INSTRUCTIONS FOR THE TASK: Below are some entries; report how many of their lines contain the word "small", giving nothing besides the number.

[[ EXTRACTED MATERIAL open ]]

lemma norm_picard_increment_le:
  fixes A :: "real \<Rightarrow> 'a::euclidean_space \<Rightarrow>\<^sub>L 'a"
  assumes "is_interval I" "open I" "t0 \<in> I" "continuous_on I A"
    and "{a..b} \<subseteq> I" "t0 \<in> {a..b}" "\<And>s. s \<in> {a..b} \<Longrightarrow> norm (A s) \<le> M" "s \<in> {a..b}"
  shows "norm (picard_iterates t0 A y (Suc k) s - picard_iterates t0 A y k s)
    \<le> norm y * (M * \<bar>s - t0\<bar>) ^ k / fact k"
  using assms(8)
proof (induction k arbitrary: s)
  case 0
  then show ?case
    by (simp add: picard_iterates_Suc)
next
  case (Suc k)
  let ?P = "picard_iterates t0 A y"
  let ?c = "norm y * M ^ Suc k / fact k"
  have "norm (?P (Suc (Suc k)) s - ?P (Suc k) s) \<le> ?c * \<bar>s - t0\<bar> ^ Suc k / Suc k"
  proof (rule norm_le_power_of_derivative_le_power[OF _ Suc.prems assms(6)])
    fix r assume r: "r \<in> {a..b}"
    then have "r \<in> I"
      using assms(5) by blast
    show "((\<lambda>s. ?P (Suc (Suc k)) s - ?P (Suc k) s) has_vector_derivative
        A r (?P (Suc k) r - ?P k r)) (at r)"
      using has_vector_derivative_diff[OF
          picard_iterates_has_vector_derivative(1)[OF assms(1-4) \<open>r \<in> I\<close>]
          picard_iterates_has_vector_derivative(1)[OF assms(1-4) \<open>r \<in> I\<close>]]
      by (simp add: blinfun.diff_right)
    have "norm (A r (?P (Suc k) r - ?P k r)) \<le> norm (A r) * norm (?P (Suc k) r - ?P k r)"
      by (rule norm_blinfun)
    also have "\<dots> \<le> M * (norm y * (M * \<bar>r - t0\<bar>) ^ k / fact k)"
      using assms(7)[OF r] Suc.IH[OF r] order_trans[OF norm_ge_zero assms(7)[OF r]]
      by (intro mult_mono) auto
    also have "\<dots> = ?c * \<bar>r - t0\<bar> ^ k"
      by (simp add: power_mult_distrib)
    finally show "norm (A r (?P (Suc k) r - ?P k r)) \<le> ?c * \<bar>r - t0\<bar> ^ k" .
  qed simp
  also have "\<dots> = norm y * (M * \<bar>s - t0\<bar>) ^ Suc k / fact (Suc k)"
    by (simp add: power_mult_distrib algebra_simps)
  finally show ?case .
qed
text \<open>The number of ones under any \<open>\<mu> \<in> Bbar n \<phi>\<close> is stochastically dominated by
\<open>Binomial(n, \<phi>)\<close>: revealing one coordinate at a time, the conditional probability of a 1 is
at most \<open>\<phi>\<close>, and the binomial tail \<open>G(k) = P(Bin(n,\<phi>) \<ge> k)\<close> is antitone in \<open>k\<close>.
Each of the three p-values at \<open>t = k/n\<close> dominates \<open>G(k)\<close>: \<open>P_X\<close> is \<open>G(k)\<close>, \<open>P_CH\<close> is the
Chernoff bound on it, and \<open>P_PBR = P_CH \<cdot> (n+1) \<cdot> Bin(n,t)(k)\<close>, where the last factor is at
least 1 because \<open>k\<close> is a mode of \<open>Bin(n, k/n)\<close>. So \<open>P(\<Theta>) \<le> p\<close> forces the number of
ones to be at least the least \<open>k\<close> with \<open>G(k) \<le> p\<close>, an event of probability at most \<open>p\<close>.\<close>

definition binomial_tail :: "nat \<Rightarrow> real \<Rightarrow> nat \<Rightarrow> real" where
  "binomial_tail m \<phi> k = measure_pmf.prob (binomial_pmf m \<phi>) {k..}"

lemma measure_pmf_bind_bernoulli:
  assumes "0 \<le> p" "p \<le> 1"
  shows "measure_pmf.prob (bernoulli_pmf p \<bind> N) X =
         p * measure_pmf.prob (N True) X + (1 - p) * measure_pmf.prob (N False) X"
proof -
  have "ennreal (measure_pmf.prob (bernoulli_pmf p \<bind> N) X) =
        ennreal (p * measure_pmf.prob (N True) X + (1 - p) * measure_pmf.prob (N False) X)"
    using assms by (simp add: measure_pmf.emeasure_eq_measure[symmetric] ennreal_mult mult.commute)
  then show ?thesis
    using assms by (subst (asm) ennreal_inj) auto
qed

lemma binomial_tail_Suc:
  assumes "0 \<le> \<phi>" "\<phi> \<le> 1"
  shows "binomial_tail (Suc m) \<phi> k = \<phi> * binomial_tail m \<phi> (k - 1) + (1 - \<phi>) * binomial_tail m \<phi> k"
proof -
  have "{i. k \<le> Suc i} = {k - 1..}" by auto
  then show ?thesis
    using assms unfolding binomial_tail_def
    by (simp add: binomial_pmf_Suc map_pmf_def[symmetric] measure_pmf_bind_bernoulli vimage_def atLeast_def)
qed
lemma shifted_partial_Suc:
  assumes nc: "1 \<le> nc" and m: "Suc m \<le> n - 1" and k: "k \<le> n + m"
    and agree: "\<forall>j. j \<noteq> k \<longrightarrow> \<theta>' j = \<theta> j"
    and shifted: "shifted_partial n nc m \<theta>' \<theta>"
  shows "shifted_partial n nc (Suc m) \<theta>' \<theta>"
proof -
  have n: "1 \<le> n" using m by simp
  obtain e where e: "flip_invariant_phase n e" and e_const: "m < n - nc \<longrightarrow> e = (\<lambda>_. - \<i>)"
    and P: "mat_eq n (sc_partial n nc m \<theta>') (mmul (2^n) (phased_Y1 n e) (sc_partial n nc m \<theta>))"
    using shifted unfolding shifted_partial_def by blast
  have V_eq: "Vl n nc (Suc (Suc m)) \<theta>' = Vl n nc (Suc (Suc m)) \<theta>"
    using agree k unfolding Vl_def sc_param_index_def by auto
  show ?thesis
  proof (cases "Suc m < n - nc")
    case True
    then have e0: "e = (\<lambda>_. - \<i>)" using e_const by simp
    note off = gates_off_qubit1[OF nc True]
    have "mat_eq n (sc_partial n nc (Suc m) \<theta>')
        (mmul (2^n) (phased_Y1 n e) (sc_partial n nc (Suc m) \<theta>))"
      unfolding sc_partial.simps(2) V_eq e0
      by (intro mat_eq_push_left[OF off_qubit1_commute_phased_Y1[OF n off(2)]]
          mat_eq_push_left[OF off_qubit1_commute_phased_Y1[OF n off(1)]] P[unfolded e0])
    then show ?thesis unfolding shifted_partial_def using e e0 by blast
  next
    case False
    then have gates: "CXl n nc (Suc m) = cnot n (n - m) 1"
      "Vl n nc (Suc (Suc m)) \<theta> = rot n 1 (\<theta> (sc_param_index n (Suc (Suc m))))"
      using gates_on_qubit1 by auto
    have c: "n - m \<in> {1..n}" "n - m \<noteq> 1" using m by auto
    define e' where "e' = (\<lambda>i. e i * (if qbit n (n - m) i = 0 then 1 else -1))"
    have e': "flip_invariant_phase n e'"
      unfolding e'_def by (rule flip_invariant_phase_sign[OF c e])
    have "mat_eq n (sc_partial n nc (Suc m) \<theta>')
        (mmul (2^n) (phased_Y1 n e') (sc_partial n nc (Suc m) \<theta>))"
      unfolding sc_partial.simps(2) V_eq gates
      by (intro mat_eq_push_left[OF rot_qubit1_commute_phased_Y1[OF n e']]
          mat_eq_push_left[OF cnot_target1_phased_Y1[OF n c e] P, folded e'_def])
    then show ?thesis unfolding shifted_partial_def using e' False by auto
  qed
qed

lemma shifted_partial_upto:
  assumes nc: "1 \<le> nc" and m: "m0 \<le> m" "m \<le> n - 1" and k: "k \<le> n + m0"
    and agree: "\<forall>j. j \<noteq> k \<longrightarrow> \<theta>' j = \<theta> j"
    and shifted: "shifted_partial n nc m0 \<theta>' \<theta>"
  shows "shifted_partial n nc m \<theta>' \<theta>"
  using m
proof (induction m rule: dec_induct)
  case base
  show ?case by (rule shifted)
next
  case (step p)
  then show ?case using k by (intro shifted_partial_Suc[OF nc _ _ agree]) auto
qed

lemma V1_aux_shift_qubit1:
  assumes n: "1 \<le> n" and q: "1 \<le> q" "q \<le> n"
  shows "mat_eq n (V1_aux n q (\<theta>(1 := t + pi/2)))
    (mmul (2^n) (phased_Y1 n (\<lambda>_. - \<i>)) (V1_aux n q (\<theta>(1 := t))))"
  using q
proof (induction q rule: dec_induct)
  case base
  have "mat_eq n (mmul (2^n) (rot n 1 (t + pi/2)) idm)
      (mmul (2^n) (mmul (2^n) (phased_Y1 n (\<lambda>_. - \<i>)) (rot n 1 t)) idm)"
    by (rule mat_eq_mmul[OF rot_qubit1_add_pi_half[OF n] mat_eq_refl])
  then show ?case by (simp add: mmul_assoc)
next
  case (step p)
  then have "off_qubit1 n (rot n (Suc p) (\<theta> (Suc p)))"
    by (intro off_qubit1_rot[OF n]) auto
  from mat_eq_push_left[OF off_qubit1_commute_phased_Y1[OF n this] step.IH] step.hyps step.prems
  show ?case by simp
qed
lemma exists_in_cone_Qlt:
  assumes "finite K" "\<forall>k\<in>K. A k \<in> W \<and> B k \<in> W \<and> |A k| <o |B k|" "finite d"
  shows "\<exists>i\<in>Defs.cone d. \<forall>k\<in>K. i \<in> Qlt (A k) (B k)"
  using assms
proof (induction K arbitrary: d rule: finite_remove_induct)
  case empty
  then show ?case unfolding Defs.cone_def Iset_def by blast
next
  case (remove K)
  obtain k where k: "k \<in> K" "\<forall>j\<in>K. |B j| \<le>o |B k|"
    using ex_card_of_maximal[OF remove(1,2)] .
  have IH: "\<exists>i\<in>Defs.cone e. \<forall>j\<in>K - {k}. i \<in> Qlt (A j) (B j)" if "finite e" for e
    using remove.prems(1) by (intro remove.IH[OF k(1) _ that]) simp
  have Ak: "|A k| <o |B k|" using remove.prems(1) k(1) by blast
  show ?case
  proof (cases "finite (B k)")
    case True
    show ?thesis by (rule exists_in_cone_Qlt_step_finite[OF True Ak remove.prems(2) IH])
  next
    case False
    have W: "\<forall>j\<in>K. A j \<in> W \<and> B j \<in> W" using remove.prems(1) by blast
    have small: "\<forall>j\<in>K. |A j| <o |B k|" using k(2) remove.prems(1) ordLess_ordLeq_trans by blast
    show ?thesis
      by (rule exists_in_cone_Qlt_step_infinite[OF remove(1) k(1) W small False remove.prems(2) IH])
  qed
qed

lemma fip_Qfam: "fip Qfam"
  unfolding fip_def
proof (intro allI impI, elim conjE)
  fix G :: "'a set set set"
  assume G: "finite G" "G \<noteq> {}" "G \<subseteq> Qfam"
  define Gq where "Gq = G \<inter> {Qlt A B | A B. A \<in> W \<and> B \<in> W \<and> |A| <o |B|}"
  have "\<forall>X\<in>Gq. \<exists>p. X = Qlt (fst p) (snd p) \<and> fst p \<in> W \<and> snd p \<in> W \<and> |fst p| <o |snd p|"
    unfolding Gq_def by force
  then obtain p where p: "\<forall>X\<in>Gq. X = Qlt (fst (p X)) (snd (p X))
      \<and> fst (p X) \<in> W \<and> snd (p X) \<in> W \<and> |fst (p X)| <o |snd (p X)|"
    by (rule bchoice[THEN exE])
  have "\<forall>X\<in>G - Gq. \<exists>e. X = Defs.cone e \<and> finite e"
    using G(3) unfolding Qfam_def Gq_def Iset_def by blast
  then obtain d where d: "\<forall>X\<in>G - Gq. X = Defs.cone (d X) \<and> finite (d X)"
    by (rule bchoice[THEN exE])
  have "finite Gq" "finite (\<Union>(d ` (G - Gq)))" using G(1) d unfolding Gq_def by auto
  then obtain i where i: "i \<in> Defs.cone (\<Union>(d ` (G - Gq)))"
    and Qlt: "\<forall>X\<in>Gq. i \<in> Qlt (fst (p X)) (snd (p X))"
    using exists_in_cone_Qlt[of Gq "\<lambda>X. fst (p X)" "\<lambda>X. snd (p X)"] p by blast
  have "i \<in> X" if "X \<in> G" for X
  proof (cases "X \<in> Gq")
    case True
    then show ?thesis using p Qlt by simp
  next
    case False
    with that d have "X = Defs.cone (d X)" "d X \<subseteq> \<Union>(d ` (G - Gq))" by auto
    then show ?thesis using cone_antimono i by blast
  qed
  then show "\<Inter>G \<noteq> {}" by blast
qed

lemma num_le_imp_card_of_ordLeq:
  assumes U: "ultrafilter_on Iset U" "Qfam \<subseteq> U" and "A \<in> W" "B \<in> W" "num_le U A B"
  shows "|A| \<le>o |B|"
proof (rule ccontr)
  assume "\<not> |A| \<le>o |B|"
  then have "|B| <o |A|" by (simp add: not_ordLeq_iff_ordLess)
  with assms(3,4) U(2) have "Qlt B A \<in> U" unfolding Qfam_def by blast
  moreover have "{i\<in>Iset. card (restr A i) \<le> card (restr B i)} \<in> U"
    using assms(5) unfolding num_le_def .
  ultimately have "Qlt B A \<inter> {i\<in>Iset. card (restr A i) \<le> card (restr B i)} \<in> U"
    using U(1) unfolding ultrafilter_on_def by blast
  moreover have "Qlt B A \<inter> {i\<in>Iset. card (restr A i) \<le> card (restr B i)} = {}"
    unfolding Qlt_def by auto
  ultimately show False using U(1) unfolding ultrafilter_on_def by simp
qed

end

[[ EXTRACTED MATERIAL closed ]]

OUTPUT FOR THIS TASK: 2